__Stored items__:
......
(* Let $\hbar>0$, let $N\ge1$ and times $t_1<t_2<\dots<t_N<t_{N+1}\equiv t_D$. Consider two arms $\gamma\in\{\alpha,\beta\}$ with data, for $i=1,\dots,N$: masses $m_{\gamma i}>0$, wave vectors $k_{\gamma i}\in\mathbb{R}^3$ (possibly zero), frequencies $\omega_{\gamma i}\in\mathbb{R}$ and laser phases $\varphi_{\gamma i}\in\mathbb{R}$, and initial data $(q_{\gamma 1},p_{\gamma 1})\in\mathbb{R}^3\times\mathbb{R}^3$. Define recursively, for $i=1,\dots,N$, $(q_{\gamma,i+1},p_{\gamma,i+1})$ as the position and momentum at time $t_{i+1}$ of the classical trajectory of mass $m_{\gamma i}$ (Hamiltonian $H_{m_{\gamma i}}$ of the context) which is at $(q_{\gamma i},p_{\gamma i}+\hbar k_{\gamma i})$ at time $t_i$; write $q_{\gamma D}=q_{\gamma,N+1}$, $p_{\gamma D}=p_{\gamma,N+1}$, and $S_{\gamma i}=S_{cl}(t_{i+1},t_i,q_{\gamma i},p_{\gamma i}+\hbar k_{\gamma i},m_{\gamma i})$. Let $X_D,Y_D$ be complex $3\times 3$ matrices with $X_D$ invertible, and let $\Delta\phi(q,t_D)=\Phi_\beta(q)-\Phi_\alpha(q)$ with $\Phi_\gamma$ as in the context. Then for every $q\in\mathbb{R}^3$, \[ \begin{aligned} \Delta\phi(q,t_D)={}&(p_{\beta D}-p_{\alpha D})\cdot\Big(q-\frac{q_{\alpha D}+q_{\beta D}}{2}\Big)/\hbar-\frac{p_{\alpha 1}+p_{\beta 1}}{2\hbar}\cdot(q_{\beta 1}-q_{\alpha 1})\\ &+\sum_{i=1}^N\Big[(k_{\beta i}-k_{\alpha i})\cdot\frac{q_{\alpha i}+q_{\beta i}}{2}-(\omega_{\beta i}-\omega_{\alpha i})\,t_i-(\varphi_{\beta i}-\varphi_{\alpha i})\Big]\\ &+\sum_{i=1}^N\Big(\frac{m_{\beta i}}{m_{\alpha i}}-1\Big)\Big[\frac{S_{\alpha i}}{\hbar}+\frac{p_{\alpha,i+1}}{2\hbar}\cdot(q_{\beta,i+1}-q_{\alpha,i+1})-\frac{p_{\alpha i}+\hbar k_{\alpha i}}{2\hbar}\cdot(q_{\beta i}-q_{\alpha i})\Big]\\ &+\frac{m_{\beta N}}{2\hbar}(q-q_{\beta D})\cdot\mathrm{Re}(Y_DX_D^{-1})(q-q_{\beta D})-\frac{m_{\alpha N}}{2\hbar}(q-q_{\alpha D})\cdot\mathrm{Re}(Y_DX_D^{-1})(q-q_{\alpha D}). \end{aligned} \]
   Context: For a particle of mass $m>0$ with position $q\in\mathbb{R}^3$ and momentum $p\in\mathbb{R}^3$, the external Hamiltonian is \[ H_m(q,p,t)=\frac{1}{2m}\,p\cdot G(t)\,p-\frac{m}{2}\,q\cdot\Gamma(t)\,q-\Omega(t)\cdot(q\times p)-m\,g(t)\cdot q, \] with $G(t)$ continuous real symmetric invertible $3\times3$ matrices, $\Gamma(t)$ continuous real symmetric $3\times3$ matrices, $\Omega(t),g(t)\in\mathbb{R}^3$ continuous, the same for all masses. Classical trajectories solve Hamilton's equations for $H_m$, and $S_{cl}(s',s,q_0,p_0,m)=\int_s^{s'}(p\cdot\dot q-H_m)\,dt$ along the classical trajectory of mass $m$ starting at $(q_0,p_0)$ at time $s$. Model of the interferometer (Gaussian wave packets, beam splitters acting as the factor $e^{-i(\omega t_i-k\cdot q_{i}+\varphi)}$ at the interaction point $(t_i,q_i)$ and imparting momentum $\hbar k$, common complex width parameters $X_D,Y_D$ at detection): the output phase of arm $\gamma$ at position $q$ and time $t_D$ is \[ \Phi_\gamma(q)=\sum_{i=1}^N\Big[\frac{S_{\gamma i}}{\hbar}+k_{\gamma i}\cdot q_{\gamma i}-\omega_{\gamma i}t_i-\varphi_{\gamma i}\Big]+\frac{p_{\gamma D}\cdot(q-q_{\gamma D})}{\hbar}+\frac{m_{\gamma N}}{2\hbar}(q-q_{\gamma D})\cdot\mathrm{Re}(Y_DX_D^{-1})(q-q_{\gamma D}), \] and $\Delta\phi(q,t_D)=\Phi_\beta(q)-\Phi_\alpha(q)$ is the interferometer phase shift. A dot denotes the Euclidean inner product; $\mathrm{Re}$ is the entrywise real part. *)

theory Defs
  imports "HOL-Analysis.Analysis"
begin
text \<open>The bound \<open>t ! i - t ! j\<close> comes from exchanging index \<open>j\<close> for \<open>i\<close> among the
  \<open>i\<close> lowest indices.\<close>
lemma sum_lessThan_sort_move_le:
  fixes t :: "'a::linordered_idom list"
  assumes "sorted t" "length t = n" "j < n" "i < n"
  shows "(\<Sum>k<i. sort (t[j := t ! j + x]) ! k) \<le> (\<Sum>k<i. t ! k) + (if j < i then min x (t ! i - t ! j) else 0)"
proof -
  let ?u = "t[j := t ! j + x]"
  have bound: "(\<Sum>k<i. sort ?u ! k) \<le> (\<Sum>k\<in>I. ?u ! k)" if "I \<subseteq> {..<n}" "card I = i" for I
    using sort_sum_lessThan_le[of I ?u i] that assms(2) by simp
  show ?thesis
  proof (cases "j < i")
    case False
    then have "(\<Sum>k<i. ?u ! k) = (\<Sum>k<i. t ! k)" by (intro sum.cong) auto
    then show ?thesis using bound[of "{..<i}"] False assms(4) by auto
  next
    case True
    have "(\<Sum>k<i. ?u ! k) = (\<Sum>k<i. (if k = j then x else 0) + t ! k)"
      using assms by (intro sum.cong) auto
    also have "\<dots> = (\<Sum>k<i. t ! k) + x" using True by (simp add: sum.distrib)
    finally have le_x: "(\<Sum>k<i. sort ?u ! k) \<le> (\<Sum>k<i. t ! k) + x"
      using bound[of "{..<i}"] assms(4) by auto
    have I: "insert i ({..<i} - {j}) \<subseteq> {..<n}" "card (insert i ({..<i} - {j})) = i"
      using True assms(4) by (auto simp: card_Diff_singleton)
    have "(\<Sum>k\<in>insert i ({..<i} - {j}). ?u ! k) = (\<Sum>k<i. t ! k) + (t ! i - t ! j)"
      using True by (simp add: sum_diff1)
    then have "(\<Sum>k<i. sort ?u ! k) \<le> (\<Sum>k<i. t ! k) + (t ! i - t ! j)"
      using bound[OF I] by simp
    with le_x show ?thesis using True by simp
  qed
qed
......
All lines above with the word "auto" need to be reported.

__Your response__:
    then have "(\<Sum>k<i. ?u ! k) = (\<Sum>k<i. t ! k)" by (intro sum.cong) auto
    then show ?thesis using bound[of "{..<i}"] False assms(4) by auto
      using assms by (intro sum.cong) auto
      using bound[of "{..<i}"] assms(4) by auto
      using True assms(4) by (auto simp: card_Diff_singleton)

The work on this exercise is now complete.